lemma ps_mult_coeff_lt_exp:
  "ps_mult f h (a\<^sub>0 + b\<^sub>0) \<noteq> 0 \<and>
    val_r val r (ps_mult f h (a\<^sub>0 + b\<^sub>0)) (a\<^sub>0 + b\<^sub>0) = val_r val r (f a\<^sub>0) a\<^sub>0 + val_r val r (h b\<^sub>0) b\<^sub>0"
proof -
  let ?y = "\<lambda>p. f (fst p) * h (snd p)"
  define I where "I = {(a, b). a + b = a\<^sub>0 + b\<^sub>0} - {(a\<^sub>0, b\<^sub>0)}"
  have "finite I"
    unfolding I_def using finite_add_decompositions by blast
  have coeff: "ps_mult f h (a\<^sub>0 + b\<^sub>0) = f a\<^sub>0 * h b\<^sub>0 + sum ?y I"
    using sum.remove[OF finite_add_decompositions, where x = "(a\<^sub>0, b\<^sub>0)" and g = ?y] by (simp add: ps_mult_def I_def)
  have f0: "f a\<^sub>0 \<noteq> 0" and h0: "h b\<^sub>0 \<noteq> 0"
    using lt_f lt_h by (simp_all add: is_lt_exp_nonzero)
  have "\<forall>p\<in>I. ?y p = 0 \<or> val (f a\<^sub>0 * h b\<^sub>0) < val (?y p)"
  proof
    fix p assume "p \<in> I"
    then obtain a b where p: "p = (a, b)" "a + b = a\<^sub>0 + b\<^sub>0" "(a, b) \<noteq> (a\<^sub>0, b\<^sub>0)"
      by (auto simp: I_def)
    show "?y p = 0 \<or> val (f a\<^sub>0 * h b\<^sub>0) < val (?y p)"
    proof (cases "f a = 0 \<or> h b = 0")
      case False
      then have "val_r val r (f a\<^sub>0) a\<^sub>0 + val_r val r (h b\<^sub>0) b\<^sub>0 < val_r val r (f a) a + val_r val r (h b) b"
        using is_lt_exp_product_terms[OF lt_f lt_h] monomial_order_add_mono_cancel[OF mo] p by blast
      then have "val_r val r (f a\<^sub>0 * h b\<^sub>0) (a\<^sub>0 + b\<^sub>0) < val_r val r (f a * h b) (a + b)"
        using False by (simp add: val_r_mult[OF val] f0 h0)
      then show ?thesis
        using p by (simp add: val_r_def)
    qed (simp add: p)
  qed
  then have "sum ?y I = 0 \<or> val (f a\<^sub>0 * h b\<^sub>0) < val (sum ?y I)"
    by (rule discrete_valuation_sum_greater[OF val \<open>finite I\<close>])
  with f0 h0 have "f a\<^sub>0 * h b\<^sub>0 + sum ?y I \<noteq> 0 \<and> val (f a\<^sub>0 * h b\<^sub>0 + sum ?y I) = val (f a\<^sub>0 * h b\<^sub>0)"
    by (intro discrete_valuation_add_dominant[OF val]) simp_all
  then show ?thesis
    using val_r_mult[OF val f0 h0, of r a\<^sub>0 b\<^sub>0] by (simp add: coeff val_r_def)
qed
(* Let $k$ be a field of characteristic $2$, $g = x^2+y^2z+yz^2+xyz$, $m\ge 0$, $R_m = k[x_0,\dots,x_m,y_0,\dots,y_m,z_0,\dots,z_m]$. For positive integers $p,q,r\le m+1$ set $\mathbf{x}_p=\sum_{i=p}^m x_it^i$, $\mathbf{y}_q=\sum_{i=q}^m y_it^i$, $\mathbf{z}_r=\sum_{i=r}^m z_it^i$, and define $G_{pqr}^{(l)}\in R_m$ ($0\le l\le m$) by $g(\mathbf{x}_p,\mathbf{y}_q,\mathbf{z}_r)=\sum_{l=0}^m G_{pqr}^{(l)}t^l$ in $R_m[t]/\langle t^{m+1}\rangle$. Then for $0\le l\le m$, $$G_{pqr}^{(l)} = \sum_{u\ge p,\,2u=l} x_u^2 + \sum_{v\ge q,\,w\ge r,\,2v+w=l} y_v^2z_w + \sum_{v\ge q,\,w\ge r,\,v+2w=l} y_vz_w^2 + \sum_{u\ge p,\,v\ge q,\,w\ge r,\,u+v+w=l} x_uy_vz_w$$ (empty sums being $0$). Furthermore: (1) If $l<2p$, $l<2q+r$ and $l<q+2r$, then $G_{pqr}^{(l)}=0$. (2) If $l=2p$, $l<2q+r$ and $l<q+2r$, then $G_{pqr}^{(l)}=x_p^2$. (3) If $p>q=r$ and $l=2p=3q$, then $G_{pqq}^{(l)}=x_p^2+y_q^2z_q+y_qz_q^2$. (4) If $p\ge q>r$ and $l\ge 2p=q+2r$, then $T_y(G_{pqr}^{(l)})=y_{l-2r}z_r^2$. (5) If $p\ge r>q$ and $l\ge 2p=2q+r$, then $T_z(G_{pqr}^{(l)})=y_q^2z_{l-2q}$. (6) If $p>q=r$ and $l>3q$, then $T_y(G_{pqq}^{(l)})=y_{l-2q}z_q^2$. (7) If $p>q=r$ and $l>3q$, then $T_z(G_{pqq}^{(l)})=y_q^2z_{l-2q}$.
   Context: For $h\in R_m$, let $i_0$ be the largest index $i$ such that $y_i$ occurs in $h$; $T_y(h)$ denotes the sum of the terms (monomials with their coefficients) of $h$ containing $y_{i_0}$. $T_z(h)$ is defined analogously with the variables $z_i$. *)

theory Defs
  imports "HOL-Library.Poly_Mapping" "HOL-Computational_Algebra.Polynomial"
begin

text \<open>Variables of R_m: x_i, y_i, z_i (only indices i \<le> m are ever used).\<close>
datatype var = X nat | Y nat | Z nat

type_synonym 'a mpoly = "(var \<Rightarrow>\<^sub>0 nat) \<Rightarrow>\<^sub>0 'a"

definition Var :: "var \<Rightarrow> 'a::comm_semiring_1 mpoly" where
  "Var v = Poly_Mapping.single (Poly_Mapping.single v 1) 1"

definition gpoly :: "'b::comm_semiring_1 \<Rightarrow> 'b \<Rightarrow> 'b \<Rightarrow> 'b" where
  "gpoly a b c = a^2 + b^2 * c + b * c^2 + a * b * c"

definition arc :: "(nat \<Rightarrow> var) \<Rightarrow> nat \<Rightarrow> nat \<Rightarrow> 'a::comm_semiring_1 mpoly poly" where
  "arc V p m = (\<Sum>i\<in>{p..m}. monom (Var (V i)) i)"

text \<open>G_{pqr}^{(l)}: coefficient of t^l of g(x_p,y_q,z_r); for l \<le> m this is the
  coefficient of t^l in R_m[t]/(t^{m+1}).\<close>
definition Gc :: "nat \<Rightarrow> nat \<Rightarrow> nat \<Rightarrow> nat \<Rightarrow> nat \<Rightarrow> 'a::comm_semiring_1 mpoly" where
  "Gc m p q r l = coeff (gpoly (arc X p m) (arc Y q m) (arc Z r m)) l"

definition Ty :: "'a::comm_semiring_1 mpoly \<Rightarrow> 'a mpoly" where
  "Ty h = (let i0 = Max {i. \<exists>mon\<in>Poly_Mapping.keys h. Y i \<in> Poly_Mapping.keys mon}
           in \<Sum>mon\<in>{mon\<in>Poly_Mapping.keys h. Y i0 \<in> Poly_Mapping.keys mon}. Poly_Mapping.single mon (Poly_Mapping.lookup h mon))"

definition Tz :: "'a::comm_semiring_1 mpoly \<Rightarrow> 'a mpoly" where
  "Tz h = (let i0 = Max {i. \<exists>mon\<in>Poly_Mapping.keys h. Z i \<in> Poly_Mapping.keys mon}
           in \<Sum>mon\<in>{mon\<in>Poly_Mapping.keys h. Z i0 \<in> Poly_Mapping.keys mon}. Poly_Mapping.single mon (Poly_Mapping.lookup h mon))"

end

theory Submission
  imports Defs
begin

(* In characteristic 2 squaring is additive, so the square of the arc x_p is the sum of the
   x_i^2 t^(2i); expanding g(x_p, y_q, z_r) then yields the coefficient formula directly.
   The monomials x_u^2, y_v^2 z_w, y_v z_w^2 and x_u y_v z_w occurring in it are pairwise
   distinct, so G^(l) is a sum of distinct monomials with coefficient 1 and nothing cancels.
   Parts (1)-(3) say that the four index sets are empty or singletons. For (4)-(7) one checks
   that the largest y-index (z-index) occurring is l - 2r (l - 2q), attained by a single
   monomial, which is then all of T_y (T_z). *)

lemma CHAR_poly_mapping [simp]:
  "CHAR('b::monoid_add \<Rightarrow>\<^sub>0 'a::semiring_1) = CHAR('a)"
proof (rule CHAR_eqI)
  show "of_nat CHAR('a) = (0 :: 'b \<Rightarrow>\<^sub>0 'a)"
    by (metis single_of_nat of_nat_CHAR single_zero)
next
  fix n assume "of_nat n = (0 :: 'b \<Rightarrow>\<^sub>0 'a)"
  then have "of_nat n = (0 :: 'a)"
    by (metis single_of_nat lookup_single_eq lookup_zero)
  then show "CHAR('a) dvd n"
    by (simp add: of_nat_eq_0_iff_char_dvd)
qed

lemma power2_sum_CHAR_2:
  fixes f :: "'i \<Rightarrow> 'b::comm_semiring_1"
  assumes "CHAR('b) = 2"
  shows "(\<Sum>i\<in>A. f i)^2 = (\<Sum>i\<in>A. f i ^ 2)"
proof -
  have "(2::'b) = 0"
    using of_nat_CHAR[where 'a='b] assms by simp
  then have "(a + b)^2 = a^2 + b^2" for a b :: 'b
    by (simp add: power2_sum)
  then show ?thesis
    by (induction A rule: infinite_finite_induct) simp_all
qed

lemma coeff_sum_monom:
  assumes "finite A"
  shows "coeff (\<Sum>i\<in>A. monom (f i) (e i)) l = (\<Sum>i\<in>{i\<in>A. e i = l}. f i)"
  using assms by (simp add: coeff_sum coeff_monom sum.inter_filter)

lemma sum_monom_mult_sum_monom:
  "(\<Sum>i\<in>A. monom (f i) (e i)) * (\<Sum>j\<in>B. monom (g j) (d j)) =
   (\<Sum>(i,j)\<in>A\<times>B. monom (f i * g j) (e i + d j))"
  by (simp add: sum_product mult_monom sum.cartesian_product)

━━━━━━━━━━━━━━━━

◆ What you will do ◆
Where a line of the data holds "assms", show that line.

◆ Task result ◆
    using of_nat_CHAR[where 'a='b] assms by simp
  using assms by (simp add: coeff_sum coeff_monom sum.inter_filter)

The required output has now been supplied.